In this working group[1] we are trying to write down requirements for Business Rules in models that could be the basis for standards for Business Rules at the business perspective, including how to get to other perspectives.  I have heard people who appear worried about whether we are going to be "pure" to the Zachman Framework -- in other words, true to your notions of "architecture." 

Can you comment on the relationship of your architecture framework to other architecture frameworks.  How do you rationalize your architecture to the others?  (I've mentioned a few.)  It seems like we need to be able to align and rationalize 'frameworks' if we are going to standardize.

    by John Zachman

When you think about the enterprise it is complex.  Yet people want to try to understand it in a simplistic way.  We want ways to "simplify" without be "simplistic."  I think my " architecture framework" does this.

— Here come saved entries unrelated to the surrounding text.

lemma upper_avg_comp_T:
  assumes bounded: "\<forall>y\<in>space M. \<bar>f y\<bar> \<le> K" and x: "x \<in> space M"
  shows "upper_avg T f (T x) = upper_avg T f x"
proof -
  define a where "a n = birkhoff_sum T f (Suc n) x / real (Suc n)" for n
  define d where "d n = birkhoff_sum T f n (T x) / real n - a n" for n
  have d_eq: "d n = (a n - f x) / real n" if "1 \<le> n" for n
    using that by (simp add: d_def a_def birkhoff_sum_Suc_left field_simps)
  have "\<bar>a n - f x\<bar> \<le> 2 * K" for n
  proof -
    have "\<bar>a n\<bar> \<le> K" "\<bar>f x\<bar> \<le> K"
      using abs_birkhoff_avg_le[OF bounded x, where n = "Suc n"] bounded x by (simp_all add: a_def)
    then show ?thesis using abs_triangle_ineq4[of "a n" "f x"] by linarith
  qed
  then have "norm (d n) \<le> 2 * K / real n" if "1 \<le> n" for n
    using that by (simp add: d_eq abs_divide divide_right_mono)
  then have "\<forall>\<^sub>F n in sequentially. norm (d n) \<le> 2 * K / real n"
    unfolding eventually_sequentially by blast
  then have "d \<longlonglongrightarrow> 0"
    by (rule Lim_null_comparison) (rule lim_const_over_n)
  then have d_lim: "(\<lambda>n. ereal (d n)) \<longlonglongrightarrow> 0"
    by (simp add: zero_ereal_def tendsto_ereal)
  have "limsup (\<lambda>n. ereal (birkhoff_sum T f n (T x) / real n))
      = limsup (\<lambda>n. ereal (d n) + ereal (a n))"
    by (simp add: d_def)
  also have "\<dots> = limsup (\<lambda>n. ereal (a n))"
    using ereal_limsup_lim_add[OF d_lim, of "\<lambda>n. ereal (a n)"] by simp
  also have "\<dots> = limsup (\<lambda>n. ereal (birkhoff_sum T f n x / real n))"
    using limsup_shift[of "\<lambda>n. ereal (birkhoff_sum T f n x / real n)"] by (simp add: a_def)
  finally show ?thesis
    unfolding upper_avg_def by (rule arg_cong[where f = real_of_ereal])
qed

text \<open>Cut the orbit greedily into stopping blocks, each of which has Birkhoff sum at least
  its length times \<open>g\<close>; only a final block shorter than \<open>m\<close> costs at most \<open>c\<close> per step.\<close>

lemma birkhoff_sum_ge_of_stopping:
  assumes g_inv: "\<And>x. x \<in> space M \<Longrightarrow> g (T x) = g x"
    and h_ge: "\<And>x. x \<in> space M \<Longrightarrow> g x - c \<le> h x" and "0 \<le> c"
    and stop: "\<And>x. x \<in> space M \<Longrightarrow> \<exists>n\<in>{1..m}. real n * g x \<le> birkhoff_sum T h n x"
    and "x \<in> space M"
  shows "real L * g x - real m * c \<le> birkhoff_sum T h L x"
  using \<open>x \<in> space M\<close>
proof (induction L arbitrary: x rule: less_induct)
  case (less L)
  show ?case
  proof (cases "L \<le> m")
    case True
    have "(\<Sum>k<L. g x - c) \<le> birkhoff_sum T h L x"
      unfolding birkhoff_sum_def
      using h_ge[OF funpow_in_space] invariant_funpow[where g = g, OF g_inv] less.prems
      by (intro sum_mono) metis
    moreover have "real L * c \<le> real m * c"
      using True \<open>0 \<le> c\<close> by (intro mult_right_mono) auto
    ultimately show ?thesis by (simp add: algebra_simps)
  next
    case False
    obtain n where n: "n \<in> {1..m}" "real n * g x \<le> birkhoff_sum T h n x"
      using stop[OF less.prems] by blast
    have "real (L - n) * g ((T ^^ n) x) - real m * c \<le> birkhoff_sum T h (L - n) ((T ^^ n) x)"
      using n False less.prems by (intro less.IH funpow_in_space) auto
    moreover have "birkhoff_sum T h L x = birkhoff_sum T h n x + birkhoff_sum T h (L - n) ((T ^^ n) x)"
      using birkhoff_sum_add[of T h n "L - n" x] n False by simp
    ultimately show ?thesis
      using n False invariant_funpow[where g = g, OF g_inv less.prems, of n]
      by (simp add: algebra_simps of_nat_diff)
  qed
qed

lemma integral_le_of_stopping:
  assumes "integrable M g" "integrable M h"
    and g_inv: "\<And>x. x \<in> space M \<Longrightarrow> g (T x) = g x"
    and h_ge: "\<And>x. x \<in> space M \<Longrightarrow> g x - c \<le> h x" and "0 \<le> c"
    and stop: "\<And>x. x \<in> space M \<Longrightarrow> \<exists>n\<in>{1..m}. real n * g x \<le> birkhoff_sum T h n x"
  shows "integral\<^sup>L M g \<le> integral\<^sup>L M h"
proof (rule ccontr)
  have bound: "real L * integral\<^sup>L M g - real m * c \<le> real L * integral\<^sup>L M h" for L
  proof -
    have "(\<integral>x. real L * g x - real m * c \<partial>M) \<le> integral\<^sup>L M (birkhoff_sum T h L)"
      using assms birkhoff_sum_ge_of_stopping[OF g_inv h_ge \<open>0 \<le> c\<close> stop]
      by (intro integral_mono integrable_birkhoff_sum) auto
    then show ?thesis
      using assms by (simp add: integral_birkhoff_sum prob_space)
  qed
  assume "\<not> ?thesis"
  then have "0 < integral\<^sup>L M g - integral\<^sup>L M h" by simp
  moreover obtain L :: nat where "real m * c / (integral\<^sup>L M g - integral\<^sup>L M h) < real L"
    using reals_Archimedean2 by blast
  ultimately show False
    using bound[of L] by (simp add: divide_less_eq right_diff_distrib)
qed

It has these characteristics -- it ...

  • is stable ~ it has been around for a LONG time

  • uses a logic that is fixed

  • has a sense of completion (completeness)
    • without this, the next change/silver bullet will kill you

This gives us a good structure to work within.

First, it gives us six primitives for the columns (interrogatives) that form a complete set for describing any thing.  If you add columns, you produce a "denormalized" structure -- things beyond these primitives.

Then, there is the other dimension, which gives us three solid perspectives -- conceptual, logical, physical -- plus two "bounding" perspectives -- scope and out-of-context.  Many people confuse this with "level of detail" and that is wrong!  These are different models ... different perspectives.  Transformations need to occur between perspectives.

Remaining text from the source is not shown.